Highlights
Big-name partnerships:
Guild Education has made inroads with some of the biggest employers in the country, speaking to the reach of its programming.
A focus on hourly workers:
Education programs have historically been inaccessible for hourly workers due to cost. Guild is helping employers and employees alike figure out programs that work.
Outlook:
Guild's unique approach is helping employers prepare for a more automated future in which many workers are not yet prepared to thrive.
The business world is changing fast. But as it turns out, what's old is new again.
A perfect storm of deeply low unemployment rates, new technology that demands different skills and a changing business environment has forced employers to reconsider their benefits and take a hard look at futureproofing. Employee development is once again a stylish solution.
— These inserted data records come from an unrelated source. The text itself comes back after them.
(* Let $k\geq 1$ be an integer. Then (a) there exist $v$ and a connected symmetric configuration $v_3$ whose minimum blocking set cardinality is exactly $\lceil v/3\rceil+k$; and (b) there exist $v$ and a connected symmetric configuration $v_3$ whose minimum blocking set cardinality is exactly $\lfloor v/2\rfloor-k$.
   Context: A symmetric configuration $v_3$ consists of a set of $v$ points and a collection of $v$ blocks, each block being a 3-element subset of the points, such that every point lies in exactly 3 blocks and any two distinct points lie in at most one common block; it is connected if it is not the union of two configurations on disjoint nonempty point sets. A blocking set is a subset $Q$ of the points such that every block contains at least one point of $Q$ and at least one point not in $Q$; the minimum blocking set cardinality is the smallest cardinality of a blocking set. *)

theory Defs
  imports Complex_Main
begin

text \<open>Blocks are 3-element subsets of P; since two distinct points lie in at most one
  block, distinct blocks are distinct sets, so B is a set of sets.\<close>
definition sym_config :: "'a set \<Rightarrow> 'a set set \<Rightarrow> bool" where
  "sym_config P B \<longleftrightarrow>
     finite P \<and> card B = card P \<and>
     (\<forall>b\<in>B. b \<subseteq> P \<and> card b = 3) \<and>
     (\<forall>p\<in>P. card {b\<in>B. p \<in> b} = 3) \<and>
     (\<forall>p\<in>P. \<forall>q\<in>P. p \<noteq> q \<longrightarrow> card {b\<in>B. p \<in> b \<and> q \<in> b} \<le> 1)"
lemma frakF_memI:
  assumes contraction: "\<And>c. norm (c - y * c) \<le> norm c"
  shows "y \<in> frakF J"
proof (cases "unital TYPE('a)")
  case True
  then have "y * unit_id = y" "norm (unit_id :: 'a) = 1"
    using is_unit_id_unit_id unfolding is_unit_id_def by auto
  then show ?thesis
    using contraction[of unit_id] unfolding frakF_def A1norm_unital[OF True] by simp
next
  case False
  have "A1norm J (- y) 1 \<le> 1"
  proof (rule A1norm_le[OF J False])
    fix c :: 'a
    assume "norm c \<le> 1"
    then show "norm (- y * c + cscale J 1 c) \<le> 1"
      using contraction[of c] by simp
  qed
  then show ?thesis
    unfolding frakF_def by simp
qed

lemma frakr_right_inverse_in_frakF:
  assumes a: "a \<in> frakr J" and t: "0 \<le> t" and y: "y + (t *\<^sub>R a) * y = t *\<^sub>R a"
  shows "y \<in> frakF J"
proof (rule frakF_memI)
  fix c
  have "(t *\<^sub>R a) * (c - y * c) = (t *\<^sub>R a) * c - ((t *\<^sub>R a) * y) * c"
    by (simp add: algebra_simps)
  also have "\<dots> = y * c"
    using y by (metis add_diff_cancel_left' diff_diff_eq2 left_diff_distrib)
  finally have "c = (c - y * c) + t *\<^sub>R (a * (c - y * c))"
    by simp
  then show "norm (c - y * c) \<le> norm c"
    using frakr_accretive[OF J a t, of "c - y * c"] by simp
qed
But it's notoriously expensive and difficult to manage alone, if an employer — especially an employer of mostly hourly employees — actually wants to see results beyond a burnished reputation.
So Guild Education, an employee education benefit provider, has taken the formula and modernized it.
The names that Guild has added to its client list in the past year alone are hard to ignore: Discover, Taco Bell, Lowe's, Disney and Walmart, to name a few. While many education platforms offer good tech, Guild serves as a partner to employers and employees alike, offering an individualized coaching program that keeps the specific needs of hourly employees in mind.
Employee retention is at the top of the list of employer concerns, and the skills gap has only made what is already a challenge into an actual business threat. Guild's unique approach to a worsening problem is why it was chosen as our Employee Initiative of the Year.
As more employers consider development programs for hourly workers, many have turned away from the old tuition reimbursement format, as it isn't workable for many frontline employees, Rachel Carlson, CEO and co-founder of Guild Education, told HR Dive. Some four in 10 Americans can't cover an emergency expense of $400 with the money currently in their bank accounts, a Federal Reserve Board report revealed earlier this year.
But employers struggle to manage a tuition assistance program — in which employers pay for all or part of the cost of education — on their own, Carlson added. On top of that, finding strong education partners is a battle for employers trying to get serious about what they offer.
"It's a Catch-22," Carlson said. "Employers only have time to invest in a handful of university relationships, but employees want a diverse set." Guild brings already established relationships with Bellevue University, Brandman University, University of Denver, University of Florida and Wilmington University to help employers select the right programs for their employee groups.
Education benefits tend to be serious cost sinks, meaning employers are looking heavily at return on investment. Post-year reports are now coming in for a few of Guild's partners, including Chipotle, which found that 89% of employees who enrolled in its Guild program stayed with the company for the following nine months.
"The narrow way to think about it is 'budget,' but almost every company we work with sees positive ROI," Carlson said. As part of that success, Guild encourages its employer partners to improve benefits communication skills and leans on its coaching program to ensure employees also understand how the program affects their lives.
"Effective benefits communication is an important requirement that many companies struggle with when they do this on their own," Carlson said.
Ellie Bertani, director of HR strategy and innovation at Walmart, told HR Dive that Guild helped them to "uncover the blocks we may be putting in place."
"We truly feel the coaching element has the perspective of the worker and the learner and is really effective," she said.
Guild is also helping employers prep for a future that looks different. For the industries represented by Guild's client base, the future of work "is coming quickly" — and many workers currently employed by those companies "are not prepared to survive and thrive in that economy," Carlson said.
In turn, these employers see development as not only a responsibility to the business, but to employees as well.
"Robots are gonna figure out how to write code much faster than they are going to figure out how to manage people," Carlson said. Giving employees a foot-up in careers that require human qualities like trust, emotional intelligence and the ability to teach helps employers who are going to need to fill jobs with those same qualities in the future market.
"One of the things we've tried to do is be very selective about the fields we're offering," Bertani said. Office management and supply chain jobs are top of mind right now, but Walmart is also looking at other skills like IT and pharmacology to help achieve those "future of work" goals, she added.
"Cashier is an empathy and compliance role now," Carlson said. "Someone developed those skills. It's our job to help them use those to grow, either in the company or industry."